Violating a Darien Protective Order

It is important that a person fully understands the type of conduct prohibited by the protective order. If they do not completely understand the provisions outlined in the order, they may inadvertently do something that triggers a violation which can make the situation worse and leads to additional charges and penalties. With that said, one way to ensure you understand the provisions of an order is to consult with a Darien protective order attorney who can try and mitigate the requirements and make sure that you are aware of what actions or contact should be avoided.

What Takes Place Following a Violation

When a person thinks that a protective order was violated, they file a report with their local police department with the details of the offense. A police officer prepares an arrest warrant and submits the warrant to the court. The court then decides whether to prosecute the charge.

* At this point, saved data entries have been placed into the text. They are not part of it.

lemma O1_expansion_first_symbol:
  assumes "O1_expansion y g"
  shows "g 0 = nat \<lfloor>1 / y\<rfloor>"
proof -
  have g: "\<And>k. 1 \<le> g k" using assms by (simp add: O1_expansion_def)
  define a where "a = real (g 0)"
  have a: "1 \<le> a" using g[of 0] by (simp add: a_def)
  have w0: "O1_weight g 0 = 1 / a" by (simp add: O1_weight_def a_def)
  have "O1_weight g 1 = (1 / a) / (a + real (g 1))"
    by (simp add: O1_weight_def a_def numeral_eq_Suc atMost_Suc)
  also have "\<dots> \<le> (1 / a) / (a + 1)"
    using g[of 1] a by (intro divide_left_mono) auto
  finally have "O1_weight g 1 \<le> (1 / a) / (a + 1)" .
  moreover have "1 / a - (1 / a) / (a + 1) = 1 / (a + 1)"
    using a by (simp add: field_simps) (smt (verit) mult_nonneg_nonneg)
  ultimately have "1 / (a + 1) \<le> O1_weight g 0 - O1_weight g 1"
    unfolding w0 by linarith
  txt \<open>The first two partial sums trap y in the interval (1/(g 0 + 1), 1/g 0].\<close>
  note bounds = alternating_sum_first_bounds[of "O1_weight g",
      OF O1_weight_tendsto_0[of g, OF g] O1_weight_Suc_less[of g, OF g],
      folded O1_expansion_sum_weights[OF assms]]
  have "1 / (a + 1) < y" "y \<le> 1 / a"
    using bounds \<open>1 / (a + 1) \<le> _\<close> w0 by linarith+
  then have "a \<le> 1 / y" "1 / y < a + 1"
    using a by (auto simp: field_simps)
  then have "\<lfloor>1 / y\<rfloor> = int (g 0)" by (simp add: floor_eq_iff a_def)
  then show ?thesis by simp
qed

definition O1_shift :: "(nat \<Rightarrow> nat) \<Rightarrow> nat \<Rightarrow> nat" where
  "O1_shift g k = (if k = 0 then g 0 + g 1 else g (Suc k))"

lemma sum_O1_shift: "(\<Sum>i\<le>j. O1_shift g i) = (\<Sum>i\<le>Suc j. g i)"
  by (induction j) (auto simp: O1_shift_def)

lemma O1_term_O1_shift:
  assumes "g 0 \<noteq> 0"
  shows "O1_term (O1_shift g) n = - real (g 0) * O1_term g (Suc n)"
proof -
  have "(\<Prod>j\<le>Suc n. real (\<Sum>i\<le>j. g i)) = real (g 0) * (\<Prod>j\<le>n. real (\<Sum>i\<le>Suc j. g i))"
    by (subst prod.atMost_shift) (simp add: lessThan_Suc_atMost)
  then show ?thesis
    using assms unfolding O1_term_def sum_O1_shift by (simp add: field_simps)
qed

lemma O1_expansion_shift:
  assumes "O1_expansion y g"
  shows "O1_expansion (1 - real (g 0) * y) (O1_shift g)"
proof -
  have g: "\<And>k. 1 \<le> g k" and y: "O1_term g sums y"
    using assms by (auto simp: O1_expansion_def)
  have "(\<lambda>n. O1_term g (Suc n)) sums (y - O1_term g 0)"
    using y by (subst sums_Suc_iff) simp
  then have "(\<lambda>n. - real (g 0) * O1_term g (Suc n)) sums (- real (g 0) * (y - O1_term g 0))"
    by (rule sums_mult)
  moreover have "- real (g 0) * (y - O1_term g 0) = 1 - real (g 0) * y"
    using g[of 0] by (simp add: O1_term_def field_simps)
  moreover have "O1_term (O1_shift g) = (\<lambda>n. - real (g 0) * O1_term g (Suc n))"
    using g[of 0] by (simp add: fun_eq_iff O1_term_O1_shift)
  moreover have "\<forall>k. 1 \<le> O1_shift g k"
    using g by (simp add: O1_shift_def add_increasing2)
  ultimately show ?thesis unfolding O1_expansion_def by simp
qed
lemma locally_compact_exhaustion:
  assumes "locally_compact_space (euclidean :: 'a topology)"
  obtains W :: "nat \<Rightarrow> 'a::{t2_space, second_countable_topology} set"
  where "\<And>n. open (W n)" "\<And>n. compact (closure (W n))" "incseq W" "(\<Union>n. W n) = UNIV"
proof -
  define F where "F = {U::'a set. open U \<and> compact (closure U)}"
  have "\<exists>U. open U \<and> compact (closure U) \<and> x \<in> U" for x :: 'a
  proof -
    have "\<exists>U K. openin euclidean U \<and> compactin euclidean K \<and> x \<in> U \<and> U \<subseteq> K"
      using assms unfolding locally_compact_space_def by simp
    then obtain U K where U: "open U" "x \<in> U" and K: "compact K" "U \<subseteq> K"
      by auto
    from K have "compact (closure U)"
      by (rule compact_closure_subset)
    with U show ?thesis
      by blast
  qed
  then have "\<Union>F = UNIV"
    unfolding F_def by blast
  have "\<And>U. U \<in> F \<Longrightarrow> open U"
    unfolding F_def by blast
  then obtain F' where F': "F' \<subseteq> F" "countable F'" "\<Union>F' = \<Union>F"
    by (rule Lindelof)
  then have "F' \<noteq> {}"
    using \<open>\<Union>F = UNIV\<close> by auto
  define V where "V = from_nat_into F'"
  have V: "range V = F'"
    unfolding V_def using range_from_nat_into[OF \<open>F' \<noteq> {}\<close> F'(2)] .
  then have V_open: "open (V i)" and V_compact: "compact (closure (V i))" for i
    using F'(1) unfolding F_def by auto
  show ?thesis
  proof
    fix n
    show "open (\<Union>i\<le>n. V i)"
      using V_open by (intro open_UN) blast
    have "compact (\<Union>i\<le>n. closure (V i))"
      using V_compact by (intro compact_UN) auto
    then show "compact (closure (\<Union>i\<le>n. V i))"
      by (rule compact_closure_subset) (intro UN_mono subset_refl closure_subset)
  next
    show "incseq (\<lambda>n. \<Union>i\<le>n. V i)"
      unfolding incseq_def by (intro allI impI UN_mono) auto
    have "(\<Union>n. V n) = UNIV"
      using V F'(3) \<open>\<Union>F = UNIV\<close> by simp
    then show "(\<Union>n. \<Union>i\<le>n. V i) = UNIV"
      by fastforce
  qed
qed

lemma counting_measures_finite_value:
  assumes "\<omega> \<in> counting_measures" "A \<in> sets borel" "emeasure \<omega> A < \<infinity>"
  obtains a :: nat where "emeasure \<omega> A = of_nat a" "measure \<omega> A = real a"
proof -
  obtain a where a: "emeasure \<omega> A = of_nat a"
    using assms unfolding counting_measures_def by fastforce
  then have "measure \<omega> A = real a"
    by (simp add: measure_def ennreal_of_nat_eq_real_of_nat)
  with a that show ?thesis by blast
qed
lemma facet_witness:
  assumes "p \<in> P" "x \<in> insert 0 (P - {p})"
  shows "(- real CARD('n) / 2) *\<^sub>R p \<in> cball x (real CARD('n) / 2) \<inter> voronoi (insert 0 Q) x"
proof (rule mem_cball_voronoi_if_dist_sq_offset_eq_0)
  let ?z = "(- real CARD('n) / 2) *\<^sub>R p"
  have "- \<rho> / 2 \<le> ?z \<bullet> p' \<and> ?z \<bullet> p' \<le> 1 / 2" if "p' \<in> P" for p'
  proof (cases "p' = p")
    case True
    then show ?thesis
      using assms(1) rho_gt by (simp add: inner_self_vertex)
  next
    case False
    then show ?thesis
      using assms(1) that rho_gt by (simp add: inner_vertices)
  qed
  then show "?z \<in> voronoi (insert 0 Q) 0"
    by (simp add: mem_voronoi_0_iff)
  show "dist_sq_offset ?z x = 0"
    using assms by (auto simp: dist_sq_offset_vertex inner_vertices)
  show "norm ?z = real CARD('n) / 2"
    using assms(1) by (simp add: norm_vertex)
qed

lemma edge_witness:
  assumes "p \<in> P" "x \<in> {0, p}"
  shows "(1 / 2) *\<^sub>R p \<in> cball x (1 / 2) \<inter> voronoi (insert 0 Q) x"
proof (rule mem_cball_voronoi_if_dist_sq_offset_eq_0)
  let ?z = "(1 / 2 :: real) *\<^sub>R p"
  have "- \<rho> / 2 \<le> ?z \<bullet> p' \<and> ?z \<bullet> p' \<le> 1 / 2" if "p' \<in> P" for p'
    using abs_inner_vertices_le[OF assms(1) that] rho_gt by (simp add: abs_le_iff)
  then show "?z \<in> voronoi (insert 0 Q) 0"
    by (simp add: mem_voronoi_0_iff)
  show "dist_sq_offset ?z x = 0"
    using assms by (auto simp: dist_sq_offset_vertex inner_self_vertex)
  show "norm ?z = 1 / 2"
    using assms(1) by (simp add: norm_vertex)
qed

lemma origin_witness:
  assumes "p \<in> P"
  shows "0 \<in> cball p 1 \<inter> voronoi Q p"
proof -
  have "1 \<le> \<rho>\<^sup>2"
    using rho_gt by (intro one_le_power) simp
  then have "0 \<in> voronoi Q p"
    using assms unfolding mem_voronoi_iff ball_Q_iff
    by (simp add: dist_sq_offset_vertex dist_sq_offset_far_point)
  then show ?thesis
    using assms by (simp add: norm_vertex)
qed
(* Suppose $pn\ge\log n$. Then for all sufficiently large $n$ and every integer $t$ with $n^{24/25}\le t\le\frac n5$, with probability at least $1-n^{-t/120}$, every set $T$ of $t$ vertices of $G(n,p)$ has at least twice as many edges between $T$ and $[n]\setminus T$ as edges with both endpoints in $T$.
   Context: $G(n,p)$ is the Erdős–Rényi random graph on $[n]$, each edge present independently with probability $p$. *)

theory Defs
  imports "HOL-Probability.Probability"
begin

definition all_edges :: "nat \<Rightarrow> nat set set" where
  "all_edges n = {e. e \<subseteq> {1..n} \<and> card e = 2}"

definition gnp :: "nat \<Rightarrow> real \<Rightarrow> nat set set pmf" where
  "gnp n p = map_pmf (\<lambda>f. {e \<in> all_edges n. f e})
                     (Pi_pmf (all_edges n) False (\<lambda>_. bernoulli_pmf p))"

definition edges_in :: "nat set set \<Rightarrow> nat set \<Rightarrow> nat set set" where
  "edges_in E T = {e \<in> E. e \<subseteq> T}"

definition edges_between :: "nat set set \<Rightarrow> nat set \<Rightarrow> nat set \<Rightarrow> nat set set" where
  "edges_between E T S = {e \<in> E. \<exists>x y. e = {x, y} \<and> x \<in> T \<and> y \<in> S}"

end

theory Submission
  imports Defs
begin

text \<open>For a fixed t-set T, weight each present edge inside T by 9/4 and each present edge
  leaving T by 2/3. A bad graph (fewer than twice as many crossing as inner edges) has total
  weight at least 1, so by Markov's inequality its probability is at most the expected weight,
  which factorises over the independent edges into (1 + 5q/4)^(t choose 2) (1 - q/3)^(t(n-t))
  \<le> exp(-17/120 q t n) when t \<le> n/5. A union bound over the (en/t)^t sets T, together with
  q n \<ge> ln n and t \<ge> n^(24/25), leaves n^(-t/120).\<close>

lemma prod_if_disjoint:
  fixes x y :: "'b::comm_monoid_mult"
  assumes "finite A" "I \<subseteq> A" "B \<subseteq> A" "I \<inter> B = {}"
  shows "(\<Prod>e\<in>A. if e \<in> I then x else if e \<in> B then y else 1) = x ^ card I * y ^ card B"
proof -
  have "(\<Prod>e\<in>A. if e \<in> I then x else if e \<in> B then y else 1)
      = (\<Prod>e\<in>A. (if e \<in> I then x else 1) * (if e \<in> B then y else 1))"
    using assms(4) by (intro prod.cong) auto
  also have "\<dots> = x ^ card I * y ^ card B"
    using assms(1-3) by (simp add: prod.distrib prod.If_cases Int_absorb1 Int_absorb2 inf_commute)
  finally show ?thesis .
qed

lemma prob_all_ge_one_minus_sum:
  assumes "finite \<T>"
  shows "measure_pmf.prob M {x. \<forall>T\<in>\<T>. P T x} \<ge> 1 - (\<Sum>T\<in>\<T>. measure_pmf.prob M {x. \<not> P T x})"
proof -
  have "{x. \<forall>T\<in>\<T>. P T x} = space (measure_pmf M) - (\<Union>T\<in>\<T>. {x. \<not> P T x})"
    by auto
  hence "measure_pmf.prob M {x. \<forall>T\<in>\<T>. P T x} = 1 - measure_pmf.prob M (\<Union>T\<in>\<T>. {x. \<not> P T x})"
    by (simp only:) (rule measure_pmf.prob_compl, simp)
  moreover have "measure_pmf.prob M (\<Union>T\<in>\<T>. {x. \<not> P T x}) \<le> (\<Sum>T\<in>\<T>. measure_pmf.prob M {x. \<not> P T x})"
    by (rule measure_pmf.finite_measure_subadditive_finite[OF assms]) simp
  ultimately show ?thesis by linarith
qed

lemma expectation_Pi_bernoulli_prod:
  fixes c :: "'a \<Rightarrow> real"
  assumes "finite A" "0 \<le> q" "q \<le> 1" "\<And>e. c e \<ge> 0"
  shows "measure_pmf.expectation (Pi_pmf A False (\<lambda>_. bernoulli_pmf q))
           (\<lambda>f. \<Prod>e\<in>A. if f e then c e else 1) = (\<Prod>e\<in>A. 1 + q * (c e - 1))"
  using assms
  by (subst expectation_prod_Pi_pmf)
     (auto intro!: integrable_measure_pmf_finite prod.cong simp: algebra_simps)
(* Let $\mathcal{H}=(C,F,D,G)$ be a hybrid system on $\mathcal{X}$, let $p$ be an atomic proposition and $K:=\{x\in\mathcal{X}:p(x)=1\}$. Then $(\phi,(t,j))\models\bigcirc p$ for every maximal solution $\phi$ to $\mathcal{H}$ and every $(t,j)\in\operatorname{dom}\phi$ if and only if all of the following hold: (a) each nontrivial solution $\phi$ to $\mathcal{H}$ satisfies $\phi(0,0)\in D$; (b) no flow of $\mathcal{H}$ is possible from any $x\in C$ (i.e., there is no solution $\phi$ with $\phi(0,0)=x\in C$ and $[0,\varepsilon)\times\{0\}\subset\operatorname{dom}\phi$ for some $\varepsilon>0$); (c) $G(D)\subset K\cap D$; (d) $\overline C\subset D$.
   Context: Hybrid systems. A hybrid system $\mathcal{H}=(C,F,D,G)$ on a state space $\mathcal{X}\subset\mathbb{R}^n$ is given by a flow set $C\subset\mathcal{X}$, a set-valued flow map $F:\mathcal{X}\rightrightarrows\mathcal{X}$, a jump set $D\subset\mathcal{X}$ and a set-valued jump map $G:\mathcal{X}\rightrightarrows\mathcal{X}$, and represents $\dot x\in F(x)$ for $x\in C$, $x^+\in G(x)$ for $x\in D$. Standing assumptions: $C\subset\operatorname{dom}F$, $D\subset\operatorname{dom}G$, $\overline{C}\cup D\cup G(D)\subset\mathcal{X}$ ($\overline C$ is the closure of $C$). A set $E\subset\mathbb{R}_{\ge0}\times\mathbb{N}$ is a hybrid time domain if for every $(T,J)\in E$ there are $0=t_0\le t_1\le\dots\le t_{J+1}$ with $E\cap([0,T]\times\{0,\dots,J\})=\bigcup_{j=0}^J([t_j,t_{j+1}]\times\{j\})$. A hybrid arc is a map $\phi:\operatorname{dom}\phi\to\mathbb{R}^n$ on a hybrid time domain such that for each $j$, $t\mapsto\phi(t,j)$ is locally absolutely continuous on $I^j=\{t:(t,j)\in\operatorname{dom}\phi\}$. A hybrid arc $\phi$ is a solution to $\mathcal{H}$ if (i) $\phi(0,0)\in\overline C\cup D$; (ii) for each $j$ such that $I^j$ has nonempty interior, $\phi(t,j)\in C$ for all $t\in\operatorname{int}I^j$ and $\dot\phi(t,j)\in F(\phi(t,j))$ for almost all $t\in I^j$; (iii) for each $(t,j)\in\operatorname{dom}\phi$ with $(t,j+1)\in\operatorname{dom}\phi$, $\phi(t,j)\in D$ and $\phi(t,j+1)\in G(\phi(t,j))$. A solution is nontrivial if its domain contains at least two points; it is maximal if it cannot be extended to a solution with strictly larger domain. Temporal logic. An atomic proposition is a function $p:\mathcal{X}\to\{0,1\}$; write $\phi(t,j)\Vdash p$ if $p(\phi(t,j))=1$. $(\phi,(t,j))\models p$ iff $\phi(t,j)\Vdash p$; $(\phi,(t,j))\models\bigcirc p$ iff $(t,j+1)\in\operatorname{dom}\phi$ and $(\phi,(t,j+1))\models p$. The set $K$ is assumed nonempty. *)

theory Defs
  imports "HOL-Analysis.Analysis"
begin
lemma sum_subsets_insert:
  fixes A :: "'a set \<Rightarrow> real"
  assumes "finite N"
  shows "(\<Sum>T\<in>{T. T \<subseteq> N \<and> card T = k}. \<Sum>i\<in>N - T. A (insert i T))
       = real (Suc k) * (\<Sum>T\<in>{T. T \<subseteq> N \<and> card T = Suc k}. A T)"
proof -
  have fin: "finite {T. T \<subseteq> N \<and> card T = j}" for j
    using assms by (auto intro: finite_subset[OF _ finite_Collect_subsets])
  have "(\<Sum>T\<in>{T. T \<subseteq> N \<and> card T = k}. \<Sum>i\<in>N - T. A (insert i T))
      = (\<Sum>(T, i)\<in>Sigma {T. T \<subseteq> N \<and> card T = k} (\<lambda>T. N - T). A (insert i T))"
    using fin assms by (intro sum.Sigma) auto
  also have "\<dots> = (\<Sum>(T, i)\<in>Sigma {T. T \<subseteq> N \<and> card T = Suc k} (\<lambda>T. T). A T)"
    using assms
    by (intro sum.reindex_bij_witness[where j="\<lambda>(T, i). (insert i T, i)" and i="\<lambda>(T, i). (T - {i}, i)"])
       (auto simp: finite_subset card_insert_if card_Diff_singleton)
  also have "\<dots> = (\<Sum>T\<in>{T. T \<subseteq> N \<and> card T = Suc k}. real (Suc k) * A T)"
    using fin assms by (subst sum.Sigma[symmetric]) (auto intro: finite_subset)
  finally show ?thesis by (simp add: sum_distrib_left)
qed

Once the police officer submits an arrest warrant to the court, the judge reads through the facts of the case and determines whether a law has been violated. If the judge finds that a person violated the protective order, that person is arrested for violation of a protective order and is arrested and charged with a felony.

There may also be aggravating factors at play when it comes to determining the additional penalties involved. An aggravating factor depends on the type of crime committed. For example, a harassment or a stalking crime can increase the repercussions of violating a restraining order or protective order.

Evidence

The evidence needed in these cases depends on the facts of each case. It is helpful if the parties have an amicable relationship and are able to show a history of that. For example, if the parties involved were texting for a long time, there may be a string of friendly text messages that can prove to the prosecutor that the other person engaged in the conversation and had no problem with it at the time.

Sometimes this happens in divorce cases. A person uses a restraining order or protective order as leverage in a divorce case. Evidence of harmless communication between the parties can be helpful as a defense.

Impact of a Violation

A violation of a protective order is a Class C or Class D felony. Sometimes, the violation is unintentional or one person believes their behavior is not threatening when the other person reports it as threatening.

When the violation of a protective order is unintentional, it can result in the person being charged with a felony. It affects their criminal case because they are at risk of being charged with a violation for the duration of the criminal case until the protective order is vacated.

The civil protective order can hurt a person charged with domestic violence because there is the risk of violating it. If a person does violate the protective order, they are charged with a felony. If the person is in a diversionary program to dispose of the domestic violence charges and they violate the protective order, they are charged with the felony and can be bounced out of the program. Usually, the person is dropped from the program and no longer has the opportunity to complete the program.

Benefits of An Attorney

Anyone accused of violating a restraining or protective order should contact an attorney for representation because they are being charged with a felony which carries a serious sentence that includes jail time.

Sometimes a person’s behavior is somewhat innocent and they do not think they should be charged with the violation. Having an attorney on their side in those scenarios is very helpful. This is especially true when the violation is something harmless, such as sending a text message or liking a person’s picture on social media.

A restraining order attorney can work to have the charge reduced or dropped entirely if it is not some type of threatening behavior.